I sat there today, trying to choke back the tears, and for the most part, I did ok.
I was composed. I was stern with myself. I was capable of not looking you in the eye. I diverted my attention to the possibility that it will only be another few days. Until the moment I heard the familiar sound of diesel rounding the corner and the faint expelling of air from the brakes. I knew in that moment that it was just another goodbye. For each and every one of our hello's, there is another heart wrenching goodbye.
I somtimes sit here wondering if it's all worth it. The pain we put each other through at the end of each visit. The hugs, the coupling, the few kisses leading up to the final one. The walk.
The walk, the walk, the walk.
The moment where I sit there, in silence, yet screaming at the top of my lungs, inside. "Don't go. Don't leave me. Come back. I love you." All these things, echoing in my head, my heart heavy and my eyes burning.
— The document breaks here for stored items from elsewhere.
section \<open>The variational lower bound\<close>

lemma eigenvalue_le_rayleigh:
  assumes orth: "orthonormal n n q"
    and eig: "\<forall>l<n. \<forall>i<n. matvec n a (q l) i = ls ! l * q l i"
    and expand: "\<forall>x. \<forall>i<n. x i = (\<Sum>l=0..<n. dot n x (q l) * q l i)"
    and sorted: "sorted ls" "length ls = n"
    and perp: "\<forall>l<j. dot n x (q l) = 0"
  shows "ls ! j * dot n x x \<le> dot n x (matvec n a x)"
proof -
  define c where "c l = dot n x (q l)" for l
  have "dot n x (matvec n a x) = dot n x (\<lambda>i. \<Sum>l=0..<n. (c l * ls ! l) * q l i)"
  proof (intro dot_cong refl)
    fix i assume i: "i < n"
    have "matvec n a x i = matvec n a (\<lambda>i. \<Sum>l=0..<n. c l * q l i) i"
      using expand unfolding c_def by (intro matvec_cong) auto
    also have "\<dots> = (\<Sum>l=0..<n. (c l * ls ! l) * q l i)"
      using eig i by (simp add: matvec_sum mult.assoc)
    finally show "matvec n a x i = \<dots>" .
  qed
  also have "\<dots> = (\<Sum>l=0..<n. ls ! l * (c l)\<^sup>2)"
    unfolding dot_sum_right[OF finite_atLeastLessThan] c_def by (simp add: power2_eq_square mult_ac)
  finally have quad: "dot n x (matvec n a x) = (\<Sum>l=0..<n. ls ! l * (c l)\<^sup>2)" .
  have "dot n x x = dot n x (\<lambda>i. \<Sum>l=0..<n. c l * q l i)"
    using expand unfolding c_def by (intro dot_cong) auto
  also have "\<dots> = (\<Sum>l=0..<n. (c l)\<^sup>2)"
    unfolding dot_sum_right[OF finite_atLeastLessThan] c_def by (simp add: power2_eq_square)
  finally have norm: "dot n x x = (\<Sum>l=0..<n. (c l)\<^sup>2)" .
  have "ls ! j * (c l)\<^sup>2 \<le> ls ! l * (c l)\<^sup>2" if "l < n" for l
  proof (cases "l < j")
    case True then show ?thesis using perp unfolding c_def by simp
  next
    case False
    then have "ls ! j \<le> ls ! l" using sorted that by (intro sorted_nth_mono) auto
    then show ?thesis by (intro mult_right_mono) auto
  qed
  then show ?thesis unfolding quad norm sum_distrib_left by (intro sum_mono) auto
qed

lemma dot_indicator_left: "t < n \<Longrightarrow> dot n (\<lambda>i. if i = t then c else 0) z = c * z t"
  unfolding dot_def by (simp add: if_distrib[of "\<lambda>u. u * _"] cong: if_cong)

lemma exists_supported_orthogonal:
  fixes w :: "nat \<Rightarrow> nat \<Rightarrow> real"
  assumes "finite T" "T \<subseteq> {0..<n}" "r < card T"
  shows "\<exists>x. (\<forall>i. i \<notin> T \<longrightarrow> x i = 0) \<and> (\<exists>i\<in>T. x i \<noteq> 0) \<and> (\<forall>l<r. dot n x (w l) = 0)"
  using assms
proof (induction r arbitrary: T w)
  case 0
  then obtain t where "t \<in> T" by (metis card.empty ex_in_conv less_nat_zero_code)
  then show ?case by (intro exI[of _ "\<lambda>i. if i = t then 1 else 0"]) auto
next
  case (Suc r)
  show ?case
  proof (cases "\<forall>t\<in>T. w r t = 0")
    case True
    obtain x where x: "\<forall>i. i \<notin> T \<longrightarrow> x i = 0" "\<exists>i\<in>T. x i \<noteq> 0" "\<forall>l<r. dot n x (w l) = 0"
      using Suc.IH[of T w] Suc.prems by auto
    have "dot n x (w r) = 0"
      unfolding dot_def using x(1) True by (intro sum.neutral ballI) (metis mult_eq_0_iff)
    then show ?thesis using x by (auto simp: less_Suc_eq)
  next
    case False
    then obtain t where t: "t \<in> T" "w r t \<noteq> 0" by auto
    have "t < n" using t Suc.prems by auto
    \<comment> \<open>the \<open>w' l\<close> vanish at \<open>t\<close>, so a solution on \<open>T - {t}\<close> can be corrected at \<open>t\<close>\<close>
    define w' where "w' l i = w l i - (w l t / w r t) * w r i" for l i
    have "r < card (T - {t})" "finite (T - {t})" "T - {t} \<subseteq> {0..<n}"
      using t Suc.prems by auto
    then obtain y where y: "\<forall>i. i \<notin> T - {t} \<longrightarrow> y i = 0" "\<exists>i\<in>T - {t}. y i \<noteq> 0"
        "\<forall>l<r. dot n y (w' l) = 0"
      using Suc.IH[of "T - {t}" w'] by blast
    define x where "x i = y i - (if i = t then dot n y (w r) / w r t else 0)" for i
    have dot_x: "dot n x z = dot n y z - dot n y (w r) / w r t * z t" for z
      unfolding x_def[abs_def] dot_diff_left dot_indicator_left[OF \<open>t < n\<close>] ..
    have "\<forall>l<Suc r. dot n x (w l) = 0"
    proof (intro allI impI)
      fix l assume "l < Suc r"
      show "dot n x (w l) = 0"
      proof (cases "l = r")
        case True then show ?thesis using dot_x[of "w r"] t by simp
      next
        case False
        then have "l < r" using \<open>l < Suc r\<close> by simp
        have "dot n y (w' l) = dot n y (w l) - (w l t / w r t) * dot n y (w r)"
          unfolding w'_def[abs_def] dot_diff_right dot_scale_right ..
        then show ?thesis using y(3) \<open>l < r\<close> dot_x[of "w l"] by (simp add: field_simps)
      qed
    qed
    moreover have "\<forall>i. i \<notin> T \<longrightarrow> x i = 0"
      using y(1) t unfolding x_def by auto
    moreover have "\<exists>i\<in>T. x i \<noteq> 0"
      using y(2) unfolding x_def by auto
    ultimately show ?thesis by blast
  qed
qed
There I sit. Just watching you walk away, stunned that either of us can do or endure such a thing. Wanting to run after you and kiss you again, for the last time. One more last kiss. One more touch of your hand to my face or back. One more glance. Just one more.
With my heart heavy and the tears still falling, I leave. Still feeling you next to me. Still tasting your lips on mine. Coming home and thinking I'd see your sneakers or your phone. Looking for your glasses or wallet on the dresser. The faint scent of your cologne catching my attention, and I collapse. Knowing that it's over, you're gone and my moments of happiness have ended until the next time.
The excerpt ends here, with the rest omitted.